Some of the Founders themselves made it clear that the Fifth Circuits position isnt exactly a radical one. Laws that forbid the carrying of arms serve rather to encourage than to prevent homicides, for an unarmed man may be attacked with greater confidence than an armed man, said Thomas Jefferson in his Commonplace Book. Alexander Hamilton wrote in The Federalist Papers that no federal army could threaten our liberties as long as a large body of citizens, proficient in the use of arms, stands ready to defend them.
A due regard for this history demonstrates the error of the Ninth Circuits decision. Though the question may have little practical consequences, it lies at the core of the American self-conception and makes all the difference in the world. For at the center of the American heritage lies a distrust of governmental power. Just how that heritage plays out in this case may soon be decided by the Supreme Court. It should remember where we came from.
Paul Rosenzweig is a senior legal research fellow in the Center for Legal and Judicial Studies at The Heritage Foundation and an adjunct professor of law at George Mason University. Distributed nationally on the Knight-Ridder Tribune wire
YES IT DOES. "shall not be infringed" is pretty clear cut
Yes, they say, the amendment doesnt prohibit the government from making it illegal for the average citizen to own, say, a grenade launcher or an anti-tank missile.
Those weapons are deployed at the platoon level in an infantry unit. Yes, they are exactly what the Founders of our country wanted in the hands of the militia.
And yes, those who own automatic weapons should register them.
STRIKE 3 ..... Miller is totally unconstitutional.
I have a problem with those statements. I can get a grenade-launching, Yugoslavian SKS for $160 here in town. I don't see the point of registering any firearms, including automatic weapons.
Repeal the ban on automatic weapon importation/manufacture.
I guess I can understand those who got learnt in goberment skools not understanding this sentence structure but where on earth does the first part of the sentence in anyway modify the last part?
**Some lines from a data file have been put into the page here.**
(* Let $K\in\mathcal K$, $M\in\mathbb R^{r\times p}$, $q\in[0,\theta_{K,M})$, let $Q$ be the admissible solution of the first DARE with associated $S$, $L$. Then the system $$\Theta=\left[\begin{array}{c|c}A-KC&B-KD\\\hline\sqrt q(\Phi-MC)&\sqrt q(\Psi-MD)\\-S^{-1/2}L&S^{-1/2}\end{array}\right]$$ is inner, i.e. $\widehat\Theta(\omega)^*\widehat\Theta(\omega)=I_m$ for all $\omega\in[-\pi,\pi]$. Consequently, under the noise generation scenario $W=G_{K,S,L}V$, the estimation error $\widetilde z_k=z_k-\widehat z_k$ of the estimator $E_{K,M}$ satisfies $$q\,\mathbf E|\widetilde z_0|^2+m=\mathbf E|w_0|^2=\mathrm{Tr}(LPL^T+S),$$ where $P=\mathrm{cov}(\widetilde x_0)$ is the stationary state covariance of $G_{K,S,L}$.
   Context: Plant: $x_{k+1}=Ax_k+Bw_k$, $y_k=Cx_k+Dw_k$, $z_k=\Phi x_k+\Psi w_k$ ($x_k\in\mathbb R^n$, $w_k\in\mathbb R^m$, $y_k\in\mathbb R^p$, $z_k\in\mathbb R^r$), $\rho(A)<1$, $D$ of full row rank. $V$ is an $m$-dimensional Gaussian white noise sequence (independent, zero mean, identity covariance). Notation: $[\,\alpha\mid\beta;\gamma\mid\delta\,]$ denotes the LDTI system $s_{k+1}=\alpha s_k+\beta u_k$, output $\gamma s_k+\delta u_k$, with transfer function evaluated on the unit circle as $\widehat\Theta(\omega)=\delta+\gamma e^{i\omega}(I-e^{i\omega}\alpha)^{-1}\beta$. $\mathcal K=\{K:\rho(A-KC)<1\}$; $\mathcal L_K=\{L:\rho(A-KC+(B-KD)L)<1\}$. $E_{K,M}$: $\widehat x_{k+1}=(A-KC)\widehat x_k+Ky_k$, $\widehat z_k=(\Phi-MC)\widehat x_k+My_k$; its error operator $\Delta_{K,M}=[\,A-KC\mid B-KD;\ \Phi-MC\mid\Psi-MD\,]$ with state $\widetilde x_k=x_k-\widehat x_k$; $\theta_{K,M}=\|\Delta_{K,M}\|_\infty^{-2}$. $G_{K,S,L}=[\,A-KC+(B-KD)L\mid(B-KD)\sqrt S;\ L\mid\sqrt S\,]$, i.e. $w_k=L\widetilde x_k+\sqrt S v_k$. First DARE: $Q=(A-KC)^TQ(A-KC)+q(\Phi-MC)^T(\Phi-MC)+L^TS^{-1}L$ with $S:=(I_m-(B-KD)^TQ(B-KD)-q(\Psi-MD)^T(\Psi-MD))^{-1}$, $L:=S((B-KD)^TQ(A-KC)+q(\Psi-MD)^T(\Phi-MC))$; admissible means $Q$ symmetric positive semidefinite, $S$ symmetric positive definite, $L\in\mathcal L_K$ (it exists uniquely for $q\in[0,\theta_{K,M})$). *)

theory Defs
  imports "HOL-Analysis.Analysis" "HOL-Probability.Probability"
begin

definition cmat :: "real^'n^'m \<Rightarrow> complex^'n^'m" where
  "cmat A = (\<chi> i j. complex_of_real (A $ i $ j))"

definition ctranspose :: "complex^'n^'m \<Rightarrow> complex^'m^'n" where
  "ctranspose A = (\<chi> i j. cnj (A $ j $ i))"

definition spec_rad :: "real^'n^'n \<Rightarrow> real" where
  "spec_rad A = Max {cmod l | l. det (mat l - cmat A) = 0}"

definition sym_mat :: "real^'n^'n \<Rightarrow> bool" where
  "sym_mat A \<longleftrightarrow> transpose A = A"

definition psd :: "real^'n^'n \<Rightarrow> bool" where
  "psd A \<longleftrightarrow> sym_mat A \<and> (\<forall>x. 0 \<le> x \<bullet> (A *v x))"

definition pd :: "real^'n^'n \<Rightarrow> bool" where
  "pd A \<longleftrightarrow> sym_mat A \<and> (\<forall>x. x \<noteq> 0 \<longrightarrow> 0 < x \<bullet> (A *v x))"

definition msqrt :: "real^'n^'n \<Rightarrow> real^'n^'n" where
  "msqrt S = (THE R. psd R \<and> R ** R = S)"

definition msqrt_inv :: "real^'n^'n \<Rightarrow> real^'n^'n" where
  "msqrt_inv S = matrix_inv (msqrt S)"

definition tf :: "real^'s^'s \<Rightarrow> real^'u^'s \<Rightarrow> real^'s^'o \<Rightarrow> real^'u^'o \<Rightarrow> real \<Rightarrow> complex^'u^'o" where
  "tf \<alpha> \<beta> \<gamma> \<delta> \<omega> =
     cmat \<delta> + cmat \<gamma> ** mat (exp (\<i> * complex_of_real \<omega>))
       ** matrix_inv (mat 1 - mat (exp (\<i> * complex_of_real \<omega>)) ** cmat \<alpha>) ** cmat \<beta>"

definition inner_sys :: "real^'s^'s \<Rightarrow> real^'u^'s \<Rightarrow> real^'s^'o \<Rightarrow> real^'u^'o \<Rightarrow> bool" where
  "inner_sys \<alpha> \<beta> \<gamma> \<delta> \<longleftrightarrow>
     (\<forall>\<omega>\<in>{-pi..pi}. ctranspose (tf \<alpha> \<beta> \<gamma> \<delta> \<omega>) ** tf \<alpha> \<beta> \<gamma> \<delta> \<omega> = mat 1)"

definition hinf_norm :: "real^'s^'s \<Rightarrow> real^'u^'s \<Rightarrow> real^'s^'o \<Rightarrow> real^'u^'o \<Rightarrow> real" where
  "hinf_norm \<alpha> \<beta> \<gamma> \<delta> = (SUP \<omega>\<in>{-pi..pi}. onorm (\<lambda>x. tf \<alpha> \<beta> \<gamma> \<delta> \<omega> *v x))"

definition Kset :: "real^'n^'n \<Rightarrow> real^'n^'p \<Rightarrow> (real^'p^'n) set" where
  "Kset A C = {K. spec_rad (A - K ** C) < 1}"

definition Lset :: "real^'n^'n \<Rightarrow> real^'m^'n \<Rightarrow> real^'n^'p \<Rightarrow> real^'m^'p \<Rightarrow> real^'p^'n \<Rightarrow> (real^'n^'m) set" where
  "Lset A B C D K = {L. spec_rad (A - K ** C + (B - K ** D) ** L) < 1}"

definition theta :: "real^'n^'n \<Rightarrow> real^'m^'n \<Rightarrow> real^'n^'p \<Rightarrow> real^'m^'p \<Rightarrow> real^'n^'r \<Rightarrow> real^'m^'r
     \<Rightarrow> real^'p^'n \<Rightarrow> real^'p^'r \<Rightarrow> ereal" where
  "theta A B C D \<Phi> \<Psi> K M =
     (let h = hinf_norm (A - K ** C) (B - K ** D) (\<Phi> - M ** C) (\<Psi> - M ** D)
      in if h = 0 then \<infinity> else ereal (1 / h\<^sup>2))"

definition Sinv_of :: "real^'m^'n \<Rightarrow> real^'m^'p \<Rightarrow> real^'m^'r \<Rightarrow> real^'p^'n \<Rightarrow> real^'p^'r
     \<Rightarrow> real \<Rightarrow> real^'n^'n \<Rightarrow> real^'m^'m" where
  "Sinv_of B D \<Psi> K M q Q =
     mat 1 - transpose (B - K ** D) ** Q ** (B - K ** D) - q *\<^sub>R (transpose (\<Psi> - M ** D) ** (\<Psi> - M ** D))"

definition S_of :: "real^'m^'n \<Rightarrow> real^'m^'p \<Rightarrow> real^'m^'r \<Rightarrow> real^'p^'n \<Rightarrow> real^'p^'r
     \<Rightarrow> real \<Rightarrow> real^'n^'n \<Rightarrow> real^'m^'m" where
  "S_of B D \<Psi> K M q Q = matrix_inv (Sinv_of B D \<Psi> K M q Q)"

definition L_of :: "real^'n^'n \<Rightarrow> real^'m^'n \<Rightarrow> real^'n^'p \<Rightarrow> real^'m^'p \<Rightarrow> real^'n^'r \<Rightarrow> real^'m^'r
     \<Rightarrow> real^'p^'n \<Rightarrow> real^'p^'r \<Rightarrow> real \<Rightarrow> real^'n^'n \<Rightarrow> real^'n^'m" where
  "L_of A B C D \<Phi> \<Psi> K M q Q =
     S_of B D \<Psi> K M q Q ** (transpose (B - K ** D) ** Q ** (A - K ** C)
        + q *\<^sub>R (transpose (\<Psi> - M ** D) ** (\<Phi> - M ** C)))"

definition admissible_DARE1 :: "real^'n^'n \<Rightarrow> real^'m^'n \<Rightarrow> real^'n^'p \<Rightarrow> real^'m^'p \<Rightarrow> real^'n^'r \<Rightarrow> real^'m^'r
     \<Rightarrow> real^'p^'n \<Rightarrow> real^'p^'r \<Rightarrow> real \<Rightarrow> real^'n^'n \<Rightarrow> bool" where
  "admissible_DARE1 A B C D \<Phi> \<Psi> K M q Q \<longleftrightarrow>
     (let S = S_of B D \<Psi> K M q Q; L = L_of A B C D \<Phi> \<Psi> K M q Q in
      invertible (Sinv_of B D \<Psi> K M q Q) \<and>
      Q = transpose (A - K ** C) ** Q ** (A - K ** C) + q *\<^sub>R (transpose (\<Phi> - M ** C) ** (\<Phi> - M ** C))
          + transpose L ** Sinv_of B D \<Psi> K M q Q ** L \<and>
      psd Q \<and> pd S \<and> L \<in> Lset A B C D K)"

definition cov_mat :: "'a measure \<Rightarrow> ('a \<Rightarrow> real^'n) \<Rightarrow> real^'n^'n" where
  "cov_mat Pr X = (\<chi> i j. integral\<^sup>L Pr (\<lambda>\<omega>. (X \<omega> $ i - integral\<^sup>L Pr (\<lambda>\<omega>'. X \<omega>' $ i))
                                        * (X \<omega> $ j - integral\<^sup>L Pr (\<lambda>\<omega>'. X \<omega>' $ j))))"

end

theory Submission
  imports Defs "HOL-Computational_Algebra.Polynomial"
begin

text \<open>
  Write \<alpha> = A - KC, \<beta> = B - KD and let \<gamma>, \<delta> be the output matrices of \<Theta>. Because
  (S^(-1/2))^T S^(-1/2) = S^(-1), the first DARE together with the definition of L says exactly that
  \<alpha>^T Q \<alpha> + \<gamma>^T \<gamma> = Q, \<beta>^T Q \<beta> + \<delta>^T \<delta> = I and \<alpha>^T Q \<beta> + \<gamma>^T \<delta> = 0: the realization of \<Theta> is
  lossless with storage matrix Q. On the unit circle I - e^(i\<omega>) \<alpha> is invertible since \<rho>(\<alpha>) < 1,
  and these identities make \<Theta> inner. Pointwise they give the energy balance
  x'^T Q x' + |\<gamma> x + \<delta> w|^2 = x^T Q x + |w|^2 for x' = \<alpha> x + \<beta> w. Along the estimation error,
  \<gamma> x + \<delta> w stacks \<surd>q times the output error and the noise v. Stationarity of the mean together
  with \<rho>(\<alpha> + \<beta> L) < 1 forces the error to be centred, so its second moments are stationary too and
  the storage terms cancel in expectation, while E|v|^2 = m. Finally w = L x + S^(1/2) v with v
  independent of the current state gives E|w|^2 = tr(L P L^T + S).
\<close>

section \<open>Matrix algebra\<close>

lemma matrix_add_rdistrib: "((B::'a::ring_1^'n^'m) + C) ** A = B ** A + C ** A"
  by (simp add: vec_eq_iff matrix_matrix_mult_def sum.distrib algebra_simps)

lemma matrix_diff_ldistrib: "(A::'a::ring_1^'n^'m) ** (B - C) = A ** B - A ** C"
  by (simp add: vec_eq_iff matrix_matrix_mult_def sum_subtractf algebra_simps)

lemma matrix_diff_rdistrib: "((B::'a::ring_1^'n^'m) - C) ** A = B ** A - C ** A"
  by (simp add: vec_eq_iff matrix_matrix_mult_def sum_subtractf algebra_simps)

lemma matrix_uminus_left: "(- A) ** B = - (A ** (B::'a::ring_1^'n^'m))"
  by (simp add: vec_eq_iff matrix_matrix_mult_def sum_negf)

lemma matrix_uminus_right: "A ** (- B) = - (A ** (B::'a::ring_1^'n^'m))"
  by (simp add: vec_eq_iff matrix_matrix_mult_def sum_negf)

lemma transpose_add: "transpose (A + B) = transpose A + transpose (B::'a::ab_group_add^'n^'m)"
  by (simp add: transpose_def vec_eq_iff)

lemma transpose_diff: "transpose (A - B) = transpose A - transpose (B::'a::ab_group_add^'n^'m)"
  by (simp add: transpose_def vec_eq_iff)

lemma transpose_uminus: "transpose (- A) = - transpose (A::'a::ab_group_add^'n^'m)"
  by (simp add: transpose_def vec_eq_iff)

lemma matrix_vector_mult_uminus_left: "(- A) *v x = - (A *v (x :: 'a::ring_1^'n))"
  by (simp add: vec_eq_iff matrix_vector_mult_def sum_negf)

lemma scaleR_matrix_vector_mult: "(c *\<^sub>R A) *v x = c *\<^sub>R (A *v x)" for A :: "real^'n^'m"
  by (simp add: vec_eq_iff matrix_vector_mult_def sum_distrib_left mult_ac)

lemma det_mat: "det (mat c :: 'a::comm_ring_1^'n^'n) = c ^ CARD('n)"
  by (subst det_diagonal) (auto simp: mat_def)

lemma mat_mult_left: "mat c ** M = (\<chi> i j. c * M $ i $ j)" for M :: "'a::comm_ring_1^'n^'m"
  by (simp add: vec_eq_iff matrix_matrix_mult_def mat_def if_distrib if_distribR sum.delta'
      cong: if_cong)

lemma mat_mult_right: "M ** mat c = (\<chi> i j. c * M $ i $ j)" for M :: "'a::comm_ring_1^'n^'m"
  by (simp add: vec_eq_iff matrix_matrix_mult_def mat_def if_distrib if_distribR sum.delta
      mult.commute
      cong: if_cong)

lemma matrix_inv:
  assumes "invertible (A :: 'a::semiring_1^'n^'n)"
  shows "A ** matrix_inv A = mat 1" "matrix_inv A ** A = mat 1"
proof -
  have "A ** matrix_inv A = mat 1 \<and> matrix_inv A ** A = mat 1"
    using assms unfolding invertible_def matrix_inv_def by (rule someI_ex)
  then show "A ** matrix_inv A = mat 1" "matrix_inv A ** A = mat 1" by auto
qed

lemma inner_matrix_vector_transpose:
  fixes A :: "real^'n^'m"
  shows "(A *v x) \<bullet> y = x \<bullet> (transpose A *v y)"
  by (metis dot_lmul_matrix transpose_matrix_vector transpose_transpose)

lemma inner_matrix_vector_mult:
  fixes A :: "real^'n^'k" and B :: "real^'m^'k"
  shows "(A *v x) \<bullet> (B *v y) = x \<bullet> ((transpose A ** B) *v y)"
  by (simp add: inner_matrix_vector_transpose matrix_vector_mul_assoc)

lemma symmetric_matrix_inner_commute:
  fixes S :: "real^'n^'n"
  assumes "transpose S = S"
  shows "(S *v x) \<bullet> y = x \<bullet> (S *v y)"
  using inner_matrix_vector_transpose[of S x y] assms by simp

lemma quadratic_form_mult_add:
  fixes A :: "real^'n^'k" and B :: "real^'m^'k" and P :: "real^'k^'k"
  assumes "transpose P = P"
  shows "(A *v s + B *v u) \<bullet> (P *v (A *v s + B *v u))
    = s \<bullet> ((transpose A ** P ** A) *v s) + 2 * (s \<bullet> ((transpose A ** P ** B) *v u))
      + u \<bullet> ((transpose B ** P ** B) *v u)"
proof -
  have "(B *v u) \<bullet> (P *v (A *v s)) = s \<bullet> ((transpose A ** P ** B) *v u)"
    using assms inner_matrix_vector_transpose[of "transpose B ** P ** A" s u]
    by (simp add: inner_commute inner_matrix_vector_mult matrix_transpose_mul matrix_mul_assoc
        matrix_vector_mul_assoc)
  then show ?thesis
    by (simp add: inner_add_left inner_add_right matrix_vector_right_distrib
        inner_matrix_vector_mult
        matrix_vector_mul_assoc matrix_mul_assoc)
qed

section \<open>Square roots of positive semidefinite matrices\<close>

lemma quadratic_nonpos_imp_linear_coeff_zero:
  fixes a b :: real
  assumes "\<And>t. a * t + b * t\<^sup>2 \<le> 0"
  shows "a = 0"
proof (rule ccontr)
  assume "a \<noteq> 0"
  define c where "c = \<bar>b\<bar> + 1"
  have c: "c > 0" "1 + b / c > 0"
    unfolding c_def by (auto simp: field_simps abs_if split: if_splits)
  have "a * (a / c) + b * (a / c)\<^sup>2 = a\<^sup>2 / c * (1 + b / c)"
    using c by (simp add: field_simps power2_eq_square)
  also have "\<dots> > 0" using \<open>a \<noteq> 0\<close> c by simp
  finally show False using assms[of "a / c"] by simp
qed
Frequently a very smart Freeper (sorry I don't recall who dat person be) :-),posts a test sentence (an I am doing this from a limited memory) like the following.
An educated electorate, being necessary to the security of a free state, the right of the people to keep and read books shall not be infringed" or words to that effect.
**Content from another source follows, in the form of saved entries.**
(* Let $p_1,p_2>2$ be distinct primes, let $m_1=p_1^{\alpha_1}p_2^{\alpha_2}$ and $m_2=p_1^{\beta_1}p_2^{\beta_2}$ with $\alpha_1,\alpha_2,\beta_1,\beta_2$ positive integers. If $m_1$ is good and $m_1\mid m_2$, then $m_2$ is good.
   Context: For $m=p_1^{\alpha_1}p_2^{\alpha_2}$ with $p_1,p_2>2$ distinct primes and $\alpha_1,\alpha_2\ge1$: let $t=\mathrm{ord}_m(2)$ (the multiplicative order of $2$ modulo $m$) and let $\gamma\in\mathbb{F}_{2^t}^*$ be a primitive $m$th root of unity. The canonical set of $m$ is $S_m=\{s_{01},s_{10},s_{11}\}\subseteq\mathbb{Z}_m$, where for $\sigma=(\sigma_1,\sigma_2)\in\{0,1\}^2\setminus\{(0,0)\}$, $s_\sigma$ is the unique element of $\mathbb{Z}_m$ with $s_\sigma\equiv\sigma_1 \pmod{p_1^{\alpha_1}}$ and $s_\sigma\equiv \sigma_2\pmod{p_2^{\alpha_2}}$. An $S_m$-decoding polynomial is a polynomial $P(X)\in\mathbb{F}_{2^t}[X]$ such that $P(\gamma^s)=0$ for every $s\in S_m$ and $P(1)=1$. The number $m$ is called good if there exists an $S_m$-decoding polynomial with fewer than $4$ monomials (nonzero terms). *)

theory Defs
  imports "HOL-Number_Theory.Number_Theory" "HOL-Computational_Algebra.Polynomial" "HOL-Library.Cardinality"
begin

definition s_sigma :: "nat \<Rightarrow> nat \<Rightarrow> nat \<Rightarrow> nat \<Rightarrow> nat" where
  "s_sigma q1 q2 \<sigma>1 \<sigma>2 = (THE s. s < q1 * q2 \<and> s mod q1 = \<sigma>1 \<and> s mod q2 = \<sigma>2)"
In the test sentence to follow the gun grabbers logic, I guess that only educated people should be allowed books.
Well, the NRA gave Bob Dole the okay for the Brady Bill in exchange for hunter harrassement legislation. (See GOA Vol 13, No. 1) That sounds like gun control to me!
Well..... theres a pretty strong argument that the NRA is the only reason we still have any 2nd Amendment left to quote.
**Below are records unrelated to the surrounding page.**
(* Let $\rho$ be an operator on $h$ and let $\rho_0$ denote $\rho$ on slice $0$. Let $\mathcal H_E\cong\mathcal H$ be an environment, $|\Phi^+\rangle=\sum_{\mathbf i}|\mathbf i\rangle|\mathbf i\rangle_E$ (sum over the product basis), and for an operator $A$ on $\mathcal H$ let $$|\mathbf A\rangle:=(A\otimes\mathbb 1_E)|\Phi^+\rangle$$ be its Choi vector. Then, for all operators $O^{(0)},\dots,O^{(N-1)}$ on $h$, $$\Big\langle\big(\textstyle\bigotimes_tO^{(t)}_t\big)^\dagger\Big|\rho_0e^{i\tilde{\mathcal S}}\Big\rangle=\mathrm{tr}\big[\rho\,O^{(N-1)}(\epsilon(N-1))\cdots O^{(1)}(\epsilon)\,O^{(0)}(0)\big],$$ where the left side is the inner product of the Choi vectors of $\big(\bigotimes_tO^{(t)}_t\big)^\dagger$ and of $\rho_0e^{i\tilde{\mathcal S}}$, and $O(s)=e^{isH}Oe^{-isH}$.
   Context: Bosonic-like setting. Fix integers $d\ge1$, $N\ge1$, a real $\epsilon>0$, and set $T=\epsilon N$. Let $h$ be a $d$-dimensional Hilbert space with orthonormal basis $\{|i\rangle\}$ and trace $\mathrm{tr}$. The space $\mathcal H$. Let $\mathcal H=h^{\otimes N}$, with factors indexed by slices $t=0,\dots,N-1$. $A_t$ denotes $A$ acting on factor $t$, and $\bigotimes_tO^{(t)}_t=O^{(0)}\otimes\dots\otimes O^{(N-1)}$. Quantum action. Let $C$ be the cyclic shift $C|i_0\dots i_{N-1}\rangle=|i_{N-1}i_0\dots i_{N-2}\rangle$, and let $H$ be a hermitian operator on $h$. Define $$e^{i\mathcal S}=C\prod_te^{-i\epsilon H_t},\qquad e^{i\tilde{\mathcal S}}:=e^{iTH_0}e^{i\mathcal S}.$$ *)

theory Defs
  imports "HOL-Analysis.Analysis"
begin

text \<open>Operators on a finite-dimensional Hilbert space with orthonormal basis indexed by a
finite set I are represented by their matrix entries A x y = <x|A|y> (entries outside I
are irrelevant).\<close>

definition mmult :: "'i set \<Rightarrow> ('i \<Rightarrow> 'i \<Rightarrow> complex) \<Rightarrow> ('i \<Rightarrow> 'i \<Rightarrow> complex) \<Rightarrow> ('i \<Rightarrow> 'i \<Rightarrow> complex)" where
  "mmult I A B = (\<lambda>x y. \<Sum>k\<in>I. A x k * B k y)"

definition mone :: "'i \<Rightarrow> 'i \<Rightarrow> complex" where
  "mone = (\<lambda>x y. if x = y then 1 else 0)"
Without them, and without discounting the efforts of the VERY FEW hardcore progun citizens in this country, we would likely be in the same fix as our Canuck, Aussie and UK brethren.
What NRA bashers tend to forget is that ours is a government of consensus and compromise, and no amount of martyrdom or self righteousness about natural rights is going to change that.
Idealism is nice in a vacuum, but short of taking up arms against the government the NRA is all we've got -soccer moms outnumber machine gun owners in this country by about 4 million to one.
Think anybody in congress is scared of GOA? Think again.
But until WE change the attitudes of about 225 Million fellow Americans, the GOA position will remain fringe and outflanked.
--Boris
and the following links:
A Practicing Attorney's Look at the Second Amendment
ASSESSING THE CASE FOR FIREARMS PROHIBITION
Hoplophobia - The Root of All Evil
The Commonplace Second Amendment (destroys "militia right" interpretation)
So the "Arms Control and Disarmament" agency should quit thinking about nuclear weapons and focus on handguns?